A simple spot check with G_o = M_o = 0 shows us that with zero overhead,
these solutions become identical to the solutions in Section 2 of this
proposal.

The final condition that we need to ensure is that these weight values
never become negative or greater than 1.0[3].

3.1. Ensuring against underflow and overflow

Note that if M_o = G_o = 0, then the solutions and the overflow
conditions are the same as in Section 2.

Unfortunately, SymPy is unable to solve multivariate inequalities, which
prevents us from directly deriving overflow conditions for each variable
independently (at least easily and without mistakes). Wolfram Alpha is
able to derive closed form solutions to some degree for this, but they
are more complicated than checking the weights for underflow and
overflow directly.

However, for all overflow and underflow cases, simply warning in the
event of overflow or underflow in the weight variable solutions above is
equivalent anyway. Optimal load balancing given this scarcity should
still result if we clip the resulting solutions to [0, 1.0].

It will be wise in the implementation to test the overflow conditions
with M_o = G_o = 0, and with their actual values. This will allow us to
know if the overflow is a result of inherent unbalancing, or due to
input overhead values that are too large (and need to be reduced by, for
example, reducing padding).


4. Consensus integration

4.1. Making use of the Overhead Factors

In order to keep the consensus process simple on the Directory
Authorities, the overhead parameters represent the combined overhead
from many factors.

The G_o variable is meant to account for sum of directory overhead,
netflow padding overhead, future two-hop padding overhead, and future
hidden service overhead (for cases where Guard->Middle->Exit circuits
are not used).

The M_o variable is meant to account for multi-hop padding overhead,
hidden service overhead, as well as an overhead for any future two-hop
directory connections (so that we can consolidate Guards and Directory
guard functionality into a single Guard node).

There is no need for an E_o variable, because even if there were
Exit-specific overhead, it could be represented by an equivalent
reductions in both G_o and M_o instead.

Since all relevant padding and directory overhead information is
included in the extra-info documents for each relay, the M_o and G_o
variables could be computed automatically from these extra-info
documents during the consensus process.

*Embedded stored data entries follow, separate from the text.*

(* Let $(N,m)$ be a marked P/T net and $\mathcal U[N,m]=(O,m')$ its unfolding. Under the identification of a token of colour $(h,i)$ in place $a$ of $\overleftarrow{[\![N]\!]}$ with the place $a(h,i)$ of $O$, of a firing of a forward transition $\mathsf t$ of $\overleftarrow{[\![N]\!]}$ under substitution $\sigma$ with the transition $\mathsf t(H)$ of $\overleftarrow O$ where $H={}^\bullet\mathsf t_{[\![N]\!]}\sigma$, and of a firing of $\underline{\mathsf t}$ under $\sigma$ with $\underline{\mathsf t(H)}$ for the same $H$: for every firing sequence $s$ and marking $m''$, $(\overleftarrow{[\![N]\!]},[\![m]\!])\xrightarrow{s}(\overleftarrow{[\![N]\!]},m'')$ if and only if $(\overleftarrow O,m')\xrightarrow{s}(\overleftarrow O,m'')$.
   Context: A P/T net $N=(S_N,T_N,{}^\bullet\_,\_^\bullet)$ has disjoint sets of places and transitions and nonempty preset/postset multisets ${}^\bullet\mathsf t,\mathsf t^\bullet$ over $S_N$; markings are multisets of places and firing is: if ${}^\bullet\mathsf t=m_1$, $\mathsf t^\bullet=m_2$ then $(N,m_1\oplus m_3)\xrightarrow{\mathsf t}(N,m_2\oplus m_3)$. Unfolding: with $\preceq$ the reflexive-transitive closure of $\{(a,\mathsf t)\mid a\in{}^\bullet\mathsf t\}\cup\{(\mathsf t,a)\mid a\in\mathsf t^\bullet\}$, $x\#y$ iff there are transitions $\mathsf t_1\preceq x$, $\mathsf t_2\preceq y$, $\mathsf t_1\ne\mathsf t_2$, ${}^\bullet\mathsf t_1\cap{}^\bullet\mathsf t_2\ne\emptyset$, $x\ co\ y$ iff $x\ne y$, $x\not\preceq y$, $y\not\preceq x$, not $x\#y$, and $CO(X)$ iff elements of $X$ are pairwise $co$ and finitely many transitions lie below $X$, the unfolding $\mathcal U[N,m]$ is the least net with: places $a(\emptyset,i)$ for $1\le i\le m(a)$; a transition $\mathsf t(H)$ with preset $H$ whenever $H=\{a_j(h_j,i_j)\mid j\in J\}$ is a set of its places with $CO(H)$ and ${}^\bullet\mathsf t=\bigoplus_j a_j$; and for each $x=\mathsf t(H)$ the places $a(\{x\},i)$, $1\le i\le\mathsf t^\bullet(a)$, forming its postset. Its initial marking $m'$ is $\{a(\emptyset,i)\mid 1\le i\le m(a)\}$. For any net (coloured or not) $M$, its reversible version $\overleftarrow M$ has the same places and transitions $T_M\cup\{\underline{\mathsf t}\mid\mathsf t\in T_M\}$ with ${}^\bullet\underline{\mathsf t}=\mathsf t^\bullet$ and $\underline{\mathsf t}^\bullet={}^\bullet\mathsf t$. Coloured nets: fix infinite sets $\mathcal X$ of variables and $\mathcal C\supseteq\mathcal X$ of colours, where $\mathcal C$ is the least set containing $\mathcal X$ with $(h,n)\in\mathcal C$ for $h\in 2^{\mathcal C}$, $n\in\mathbb N$, and $x(h)\in\mathcal C$ for $x$ a place or transition name and $h\in 2^{\mathcal C}$. A C-P/T net has places, transitions, and pre/postsets that are multisets over $S\times\mathcal C$ (written $a(c)$); markings are variable-free multisets over $S\times\mathcal C$. Coloured firing: for $\mathsf t=m_1[\rangle m_2$ and a substitution $\sigma:\mathcal X\rightharpoonup\mathcal C$, $(N,m_1\sigma\oplus m_3)\xrightarrow{\mathsf t}(N,m_2\sigma\oplus m_3)$. The encoding $[\![N]\!]$ of a P/T net has the same places and transitions, with ${}^\bullet\mathsf t_{[\![N]\!]}=a_1(x_1)\oplus\dots\oplus a_n(x_n)$ for ${}^\bullet\mathsf t_N=a_1\oplus\dots\oplus a_n$ and pairwise distinct variables $x_i$, and $\mathsf t^\bullet_{[\![N]\!]}=\{a(\{\mathsf t(h)\},i)\mid a\in\mathrm{supp}(\mathsf t^\bullet_N),\ 1\le i\le\mathsf t^\bullet_N(a),\ h={}^\bullet\mathsf t_{[\![N]\!]}\}$ (token in place $a$ with colour $(\{\mathsf t(h)\},i)$); the variables of pre- and postsets of each transition coincide. The encoded initial marking is $[\![m]\!]=\{a(\emptyset,i)\mid a\in\mathrm{supp}(m),\ 1\le i\le m(a)\}$. The reversible version of the marked P/T net $(N,m)$ is the marked C-P/T net $(\overleftarrow{[\![N]\!]},[\![m]\!])$. *)

theory Defs
  imports Main "HOL-Library.Multiset" "HOL-Library.FSet"
begin

text \<open>A place name applied to a colour, a(c), is represented as the pair (a,c);
  hence the colour t(H) carries a finite set of such pairs.\<close>

datatype ('s, 't) col =
    CVar nat
  | CPair "('s, 't) col fset" nat
  | CTr 't "('s \<times> ('s, 't) col) fset"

However, it is probably wiser to
keep humans in the loop and set them manually as consensus parameters
instead, especially since we have not previously had to deal with
serious adversarial consequences from malicious extra-info reporting.

For clarity, though, it may be a good idea to separate all of the
components of M_o and G_o into separate consensus parameters, and
combine them (via addition) in the final equations. That way it will be
easier to pinpoint the source of any potential overflow issues. This
separation will also enable us to potentially govern padding's
contribution to the overhead via a single tunable value.

4.2. Accounting for hidden service overhead with Prop 247

XXX: Hidden service path selection and 247 complicates this. With 247, we
want paths only of G M M, where the Ms exclude Guard-flaged nodes. This means
that M_o needs to add the total hidden service *network bytecount* overhead
(2X the hidden service end-to-end traffic bytecount). We also need to
*subtract* 4*Wmg*hs_e2e_bytecount from the G_o overhead, to account for not using
Guard-flagged nodes for the four M's in full prop-247 G M M M M G circuits.

4.3. Accounting for RSOS overhead

XXX: We also need to separately account for RSOS (and maybe SOS?) path usage
in M_o. This will require separate acocunting for these service types in
extra-info descriptors.

4.4 Integration with Guardfraction

The GuardFraction changes in Proposal 236 and #16255 should continue to
work with these new equations, so long as the total T, G, and M values
are counted after the GuardFraction multiplier has been applied.

4.5. Guard flag assignment

Ideally, the Guard flag assignment process would also not count
Exit-flagged nodes when determining the Guard flag uptime and bandwidth
cutoffs, since we will not be using Guard+Exit flagged nodes as Guard
nodes at all when this change is applied. This will result in more
accurate thresholds for Guard node status, as well as better control
over the true total amount of Guard bandwidth in the consensus.

4.6. Cannibalization

XXX: It sucks and complicates everything. kill it, except for hsdirs.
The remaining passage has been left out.